An observation from SPC14... An overwhelming majority of the sessions offered at the conference were Office 365-centric. I counted only one on-premises development session. This is a clear indication of how Microsoft wants you to be thinking.
Will organizations embrace the path to cloud-based collaboration or be dragged kicking and screaming? How much more does the cloud ecosystem need to adapt and augment their services to mitigate the objections that continue to fuel on-premises installations of SharePoint? Office 365/SharePoint Online/BPOS have been around for many years now as an option, and continually become more of a viable one. We hear loud and clear from Microsoft that their innovations will be made available more rapidly and frequently through their cloud channels rather than in on-premises updates and service packs. It is only a matter of time before those new features become cloud-only.
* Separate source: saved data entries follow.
section \<open>Derivatives and evaluation of polynomials given by coefficient functions\<close>

lemma funpow_pd_apply:
  "(pd i ^^ b) Q \<alpha> = pochhammer (real (\<alpha> i) + 1) b * Q (\<alpha>(i := \<alpha> i + b))"
proof (induction b arbitrary: Q \<alpha>)
  case (Suc b)
  have "(pd i ^^ Suc b) Q \<alpha> = (pd i ^^ b) (pd i Q) \<alpha>"
    by (simp only: funpow_Suc_right comp_def)
  also have "\<dots> = pochhammer (real (\<alpha> i) + 1) b * (real (\<alpha> i + b) + 1) * Q (\<alpha>(i := \<alpha> i + Suc b))"
    by (simp add: Suc.IH pd_def del: fun_upd_apply) (simp add: add_ac)
  also have "\<dots> = pochhammer (real (\<alpha> i) + 1) (Suc b) * Q (\<alpha>(i := \<alpha> i + Suc b))"
    by (simp add: pochhammer_Suc add_ac)
  finally show ?case .
qed simp

lemma foldr_pd_apply:
  "distinct xs \<Longrightarrow> foldr (\<lambda>i R. (pd i ^^ \<beta> i) R) xs Q \<alpha> =
     (\<Prod>i\<in>set xs. pochhammer (real (\<alpha> i) + 1) (\<beta> i)) *
     Q (\<lambda>i. if i \<in> set xs then \<alpha> i + \<beta> i else \<alpha> i)"
proof (induction xs arbitrary: \<alpha>)
  case (Cons x xs)
  let ?\<alpha>' = "\<alpha>(x := \<alpha> x + \<beta> x)"
  have "(\<Prod>i\<in>set xs. pochhammer (real (?\<alpha>' i) + 1) (\<beta> i)) =
        (\<Prod>i\<in>set xs. pochhammer (real (\<alpha> i) + 1) (\<beta> i))"
    using Cons.prems by (intro prod.cong) auto
  moreover have "(\<lambda>i. if i \<in> set xs then ?\<alpha>' i + \<beta> i else ?\<alpha>' i) =
                 (\<lambda>i. if i \<in> set (x # xs) then \<alpha> i + \<beta> i else \<alpha> i)"
    using Cons.prems by auto
  ultimately show ?case using Cons by (simp add: funpow_pd_apply mult_ac)
qed simp

lemma hpd_apply:
  assumes "\<forall>i\<ge>n. \<beta> i = 0"
  shows "hpd n \<beta> Q \<alpha> = (\<Prod>i<n. pochhammer (real (\<alpha> i) + 1) (\<beta> i)) * Q (\<lambda>i. \<alpha> i + \<beta> i)"
proof -
  have "(\<lambda>i. if i \<in> {..<n} then \<alpha> i + \<beta> i else \<alpha> i) = (\<lambda>i. \<alpha> i + \<beta> i)"
    using assms by auto
  then show ?thesis unfolding hpd_def using foldr_pd_apply[of "[0..<n]" \<beta> Q \<alpha>]
    by (simp add: atLeast0LessThan)
qed

lemma meval_eq_sum_superset:
  assumes "finite S" and "{\<alpha>. Q \<alpha> \<noteq> 0} \<subseteq> S"
  shows "meval n Q a = (\<Sum>\<alpha>\<in>S. Q \<alpha> * (\<Prod>i<n. a i ^ \<alpha> i))"
  unfolding meval_def using assms by (intro sum.mono_neutral_left) auto

lemma meval_hpd:
  assumes "finite S" and "{\<mu>. Q \<mu> \<noteq> 0} \<subseteq> S" and "\<forall>i\<ge>n. \<beta> i = 0"
  shows "meval n (hpd n \<beta> Q) a =
           (\<Sum>\<mu>\<in>S. Q \<mu> * (\<Prod>i<n. poly ((pderiv ^^ \<beta> i) (monom 1 (\<mu> i))) (a i)))"
proof -
  define S' where "S' = {\<mu>\<in>S. \<forall>i. \<beta> i \<le> \<mu> i}"
  define sub where "sub \<mu> = (\<lambda>i. \<mu> i - \<beta> i)" for \<mu> :: "nat \<Rightarrow> nat"
  have add_sub: "(\<lambda>i. sub \<mu> i + \<beta> i) = \<mu>" if "\<mu> \<in> S'" for \<mu>
    using that by (auto simp: sub_def S'_def)
  have "{\<alpha>. hpd n \<beta> Q \<alpha> \<noteq> 0} \<subseteq> sub ` S'"
  proof
    fix \<alpha> assume "\<alpha> \<in> {\<alpha>. hpd n \<beta> Q \<alpha> \<noteq> 0}"
    then have "(\<lambda>i. \<alpha> i + \<beta> i) \<in> S'" using assms(2) by (auto simp: hpd_apply[OF assms(3)] S'_def)
    moreover have "\<alpha> = sub (\<lambda>i. \<alpha> i + \<beta> i)" by (simp add: sub_def)
    ultimately show "\<alpha> \<in> sub ` S'" by blast
  qed
  then have "meval n (hpd n \<beta> Q) a = (\<Sum>\<alpha>\<in>sub ` S'. hpd n \<beta> Q \<alpha> * (\<Prod>i<n. a i ^ \<alpha> i))"
    using assms(1) by (intro meval_eq_sum_superset) (auto simp: S'_def)
  also have "\<dots> = (\<Sum>\<mu>\<in>S'. hpd n \<beta> Q (sub \<mu>) * (\<Prod>i<n. a i ^ sub \<mu> i))"
  proof (rule sum.reindex_cong[OF _ refl refl])
    show "inj_on sub S'"
    proof (rule inj_onI)
      fix \<mu> \<nu> assume "\<mu> \<in> S'" "\<nu> \<in> S'" "sub \<mu> = sub \<nu>"
      then show "\<mu> = \<nu>" using add_sub by metis
    qed
  qed
  also have "\<dots> = (\<Sum>\<mu>\<in>S'. Q \<mu> * (\<Prod>i<n. poly ((pderiv ^^ \<beta> i) (monom 1 (\<mu> i))) (a i)))"
  proof (rule sum.cong[OF refl])
    fix \<mu> assume "\<mu> \<in> S'"
    then have "(\<Prod>i<n. poly ((pderiv ^^ \<beta> i) (monom 1 (\<mu> i))) (a i)) =
               (\<Prod>i<n. pochhammer (real (sub \<mu> i) + 1) (\<beta> i) * a i ^ sub \<mu> i)"
      by (intro prod.cong) (auto simp: poly_higher_pderiv_monom sub_def S'_def)
    moreover have "hpd n \<beta> Q (sub \<mu>) = (\<Prod>i<n. pochhammer (real (sub \<mu> i) + 1) (\<beta> i)) * Q \<mu>"
      using add_sub[OF \<open>\<mu> \<in> S'\<close>] by (simp add: hpd_apply[OF assms(3)])
    ultimately show "hpd n \<beta> Q (sub \<mu>) * (\<Prod>i<n. a i ^ sub \<mu> i) =
               Q \<mu> * (\<Prod>i<n. poly ((pderiv ^^ \<beta> i) (monom 1 (\<mu> i))) (a i))"
      by (simp add: prod.distrib)
  qed
  also have "\<dots> = (\<Sum>\<mu>\<in>S. Q \<mu> * (\<Prod>i<n. poly ((pderiv ^^ \<beta> i) (monom 1 (\<mu> i))) (a i)))"
  proof (rule sum.mono_neutral_left[OF assms(1)])
    show "\<forall>\<mu>\<in>S - S'. Q \<mu> * (\<Prod>i<n. poly ((pderiv ^^ \<beta> i) (monom 1 (\<mu> i))) (a i)) = 0"
    proof
      fix \<mu> assume "\<mu> \<in> S - S'"
      then obtain i where "\<mu> i < \<beta> i" by (auto simp: S'_def not_le)
      moreover from this have "i < n" using assms(3) by (metis not_less0 not_le)
      ultimately show "Q \<mu> * (\<Prod>i<n. poly ((pderiv ^^ \<beta> i) (monom 1 (\<mu> i))) (a i)) = 0"
        by (auto simp: poly_higher_pderiv_monom intro!: prod_zero bexI[of _ i])
    qed
  qed (auto simp: S'_def)
  finally show ?thesis .
qed

lemma meval_hpd_mminus:
  assumes "finite {\<mu>. A \<mu> \<noteq> 0}" and "finite {\<mu>. B \<mu> \<noteq> 0}" and "\<forall>i\<ge>n. \<beta> i = 0"
  shows "meval n (hpd n \<beta> (mminus A B)) a = meval n (hpd n \<beta> A) a - meval n (hpd n \<beta> B) a"
proof -
  let ?S = "{\<mu>. A \<mu> \<noteq> 0} \<union> {\<mu>. B \<mu> \<noteq> 0}"
  let ?W = "\<lambda>\<mu>. \<Prod>i<n. poly ((pderiv ^^ \<beta> i) (monom 1 (\<mu> i))) (a i)"
  have fin: "finite ?S" using assms(1,2) by simp
  have "meval n (hpd n \<beta> (mminus A B)) a = (\<Sum>\<mu>\<in>?S. mminus A B \<mu> * ?W \<mu>)"
    using fin by (rule meval_hpd) (auto simp: mminus_def assms(3))
  also have "\<dots> = (\<Sum>\<mu>\<in>?S. A \<mu> * ?W \<mu>) - (\<Sum>\<mu>\<in>?S. B \<mu> * ?W \<mu>)"
    by (simp add: mminus_def left_diff_distrib sum_subtractf)
  also have "\<dots> = meval n (hpd n \<beta> A) a - meval n (hpd n \<beta> B) a"
    using meval_hpd[OF fin Un_upper1 assms(3)] meval_hpd[OF fin Un_upper2 assms(3)] by simp
  finally show ?thesis .
qed

lemma mmul_apply:
  assumes "finite {\<beta>. A \<beta> \<noteq> 0}"
  shows "mmul A R \<mu> =
           (\<Sum>\<beta>\<in>{\<beta>. A \<beta> \<noteq> 0}. if \<forall>i. \<beta> i \<le> \<mu> i then A \<beta> * R (\<lambda>i. \<mu> i - \<beta> i) else 0)"
  unfolding mmul_def
proof (rule sum.cong[OF refl])
  fix \<beta>
  have "{\<gamma>. R \<gamma> \<noteq> 0 \<and> (\<lambda>i. \<beta> i + \<gamma> i) = \<mu>} =
        (if (\<forall>i. \<beta> i \<le> \<mu> i) \<and> R (\<lambda>i. \<mu> i - \<beta> i) \<noteq> 0 then {\<lambda>i. \<mu> i - \<beta> i} else {})"
  proof (cases "\<forall>i. \<beta> i \<le> \<mu> i")
    case True
    then have "(\<lambda>i. \<beta> i + \<gamma> i) = \<mu> \<longleftrightarrow> \<gamma> = (\<lambda>i. \<mu> i - \<beta> i)" for \<gamma>
      by (auto simp: fun_eq_iff) (metis add_diff_cancel_left')
    then show ?thesis using True by auto
  next
    case False
    then obtain i where "\<not> \<beta> i \<le> \<mu> i" by blast
    then have "(\<lambda>i. \<beta> i + \<gamma> i) \<noteq> \<mu>" for \<gamma> by (metis le_add1)
    then show ?thesis using False by auto
  qed
  then show "(\<Sum>\<gamma>\<in>{\<gamma>. R \<gamma> \<noteq> 0 \<and> (\<lambda>i. \<beta> i + \<gamma> i) = \<mu>}. A \<beta> * R \<gamma>) =
     (if \<forall>i. \<beta> i \<le> \<mu> i then A \<beta> * R (\<lambda>i. \<mu> i - \<beta> i) else 0)"
    by auto
qed

lemma finite_support_var_poly: "finite {\<beta>. var_poly x g \<beta> \<noteq> 0}"
proof -
  have "{\<beta>. var_poly x g \<beta> \<noteq> 0} \<subseteq> (\<lambda>e i. if i = x then e else 0) ` {..degree g}"
  proof
    fix \<beta> assume "\<beta> \<in> {\<beta>. var_poly x g \<beta> \<noteq> 0}"
    then have "\<forall>j. j \<noteq> x \<longrightarrow> \<beta> j = 0" and "coeff g (\<beta> x) \<noteq> 0"
      by (auto simp: var_poly_def split: if_splits)
    then show "\<beta> \<in> (\<lambda>e i. if i = x then e else 0) ` {..degree g}"
      by (intro image_eqI[of _ _ "\<beta> x"]) (auto simp: le_degree)
  qed
  then show ?thesis by (rule finite_subset) simp
qed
We're right in the middle of SharePoint 2013's reign, yet so many organizations are still on SharePoint 2010. If SharePoint 2015 is truly Microsoft's final on-premises release, how many organizations that typically lag behind the adoption curve will even end up going through the effort to upgrade when they probably should seriously consider a migration to the cloud instead?
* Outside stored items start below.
lemma Lop_slice_decomp:
  assumes j: "unit_imag j" and p: "p \<in> slice j"
  shows "Lop p = Rop (qcnj p) * proj_plus j + Rop p * proj_minus j"
    and "Lop p = proj_plus j * Rop (qcnj p) + proj_minus j * Rop p"
proof -
  obtain a b where p_eq: "p = qreal a + qreal b * j"
    using p unfolding slice_def by blast
  have Lp: "Lop p = a *\<^sub>R 1 + b *\<^sub>R Lop j"
    by (simp add: p_eq Lop_add Lop_mult Lop_qreal)
  have Rp: "Rop p = a *\<^sub>R 1 + b *\<^sub>R Rop j" and Rp': "Rop (qcnj p) = a *\<^sub>R 1 - b *\<^sub>R Rop j"
    by (simp_all add: p_eq qcnj_slice[OF j] Rop_add Rop_mult Rop_qreal)
  have "- 1 = qreal (- 1)"
    by (simp add: quat_eq_iff qreal_def uminus_quat_def one_quat_def)
  then have "Rop j * Rop j = - 1" "Lop j * Lop j = - 1"
    by (simp_all add: unit_imag_square[OF j] Rop_qreal Lop_qreal flip: Rop_mult Lop_mult)
  moreover have "Lop j * Rop j = Rop j * Lop j"
    using commuting_Lop_Rop commuting_def by blast
  ultimately have jj: "Rop j * Rop j = - 1" "Lop j * Lop j = - 1" "Lop j * Rop j = Rop j * Lop j"
    "Rop j * (Rop j * X) = - X" "Lop j * (Lop j * X) = - X" "Lop j * (Rop j * X) = Rop j * (Lop j * X)"
    for X
    by (simp_all flip: mult.assoc)
  \<comment> \<open>on the range of \<open>proj_plus j\<close> left multiplication by \<open>j\<close> acts as right multiplication by \<open>- j\<close>,
    on the range of \<open>proj_minus j\<close> as right multiplication by \<open>j\<close>\<close>
  have Lj: "Lop j * proj_plus j = - (Rop j * proj_plus j)" "proj_plus j * Lop j = - (proj_plus j * Rop j)"
    "Lop j * proj_minus j = Rop j * proj_minus j" "proj_minus j * Lop j = proj_minus j * Rop j"
    by (simp_all add: proj_plus_def proj_minus_def algebra_simps jj)
  have "Lop p * proj_plus j = Rop (qcnj p) * proj_plus j" "Lop p * proj_minus j = Rop p * proj_minus j"
    "proj_plus j * Lop p = proj_plus j * Rop (qcnj p)" "proj_minus j * Lop p = proj_minus j * Rop p"
    by (simp_all add: Lp Rp Rp' algebra_simps Lj)
  then show "Lop p = Rop (qcnj p) * proj_plus j + Rop p * proj_minus j"
    "Lop p = proj_plus j * Rop (qcnj p) + proj_minus j * Rop p"
    using proj_plus_add_proj_minus[of j] by (metis distrib_left distrib_right mult_1_left mult_1_right)+
qed

lemma Lop_qcnj_power_mult:
  fixes s :: quat
  defines "j \<equiv> imag_unit s"
  shows "Lop (qcnj s ^ k * s ^ n)
      = Rop s ^ k * Rop (qcnj s) ^ n * proj_plus j + Rop (qcnj s) ^ k * Rop s ^ n * proj_minus j"
    and "Lop (qcnj s ^ k * s ^ n)
      = proj_plus j * (Rop (qcnj s) ^ n * Rop s ^ k) + proj_minus j * (Rop s ^ n * Rop (qcnj s) ^ k)"
proof -
  have j: "unit_imag j" and s: "s \<in> slice j"
    unfolding j_def by (rule unit_imag_imag_unit, rule in_slice_imag_unit)
  have p: "qcnj s ^ k * s ^ n \<in> slice j"
    by (intro slice_mult_closed slice_power_closed slice_qcnj_closed j s)
  have "Rop (qcnj (qcnj s ^ k * s ^ n)) = Rop s ^ k * Rop (qcnj s) ^ n"
    "Rop (qcnj (qcnj s ^ k * s ^ n)) = Rop (qcnj s) ^ n * Rop s ^ k"
    by (simp_all add: qcnj_mult qcnj_power Rop_mult Rop_power commuting_def[symmetric])
  moreover have "Rop (qcnj s ^ k * s ^ n) = Rop (qcnj s) ^ k * Rop s ^ n"
    "Rop (qcnj s ^ k * s ^ n) = Rop s ^ n * Rop (qcnj s) ^ k"
    by (simp_all add: Rop_mult Rop_power commuting_def[symmetric] commuting_sym)
  ultimately show "Lop (qcnj s ^ k * s ^ n)
      = Rop s ^ k * Rop (qcnj s) ^ n * proj_plus j + Rop (qcnj s) ^ k * Rop s ^ n * proj_minus j"
    "Lop (qcnj s ^ k * s ^ n)
      = proj_plus j * (Rop (qcnj s) ^ n * Rop s ^ k) + proj_minus j * (Rop s ^ n * Rop (qcnj s) ^ k)"
    using Lop_slice_decomp[OF j p] by simp_all
qed

end

section \<open>The S-resolvent and the Yosida approximations\<close>

locale qbanach_op = qbanach L R for L R :: "quat \<Rightarrow> 'a::banach \<Rightarrow> 'a" +
  fixes T :: "'a \<Rightarrow> 'a"
  assumes T_op: "qbounded_op R T"
begin

definition t :: "'a bop" where
  "t = Bop T"

lemma app_t [simp]: "app t = T"
  unfolding t_def using T_op by (simp add: qbounded_op_def app_Bop)

lemma commuting_Rop_t [simp]: "commuting (Rop q) t" "commuting t (Rop q)"
  using T_op by (auto simp: commuting_def qbounded_op_def intro!: bop_eqI)

lemma app_power_t: "app (t ^ n) = T ^^ n"
  by (simp add: app_power)

lemma app_uminus_t: "app (- t) = (\<lambda>w. - T w)"
  by (simp add: fun_eq_iff)

definition Qb :: "quat \<Rightarrow> 'a bop" where
  "Qb s = t * t - (2 * qRe s) *\<^sub>R t + (qnorm s)\<^sup>2 *\<^sub>R 1"

lemma Qop_eq: "Qop s T = app (Qb s)"
  by (simp add: Qop_def Qb_def fun_eq_iff)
At this point, I think it can be reasonably argued that all roads lead to Office 365. We've got phased approach options that can help us get there like Amazon/Azure/FPweb/Rackspace. We've got OneDrive for Business. We've got a commitment for one last release for the server hugging data center stalwarts. It's our choice how and when, but we need a plan and now is the time to chart our routes. The question for all of us: is the road you're driving on going to run off a cliff or do you know which on-ramp to take before you run out of runway?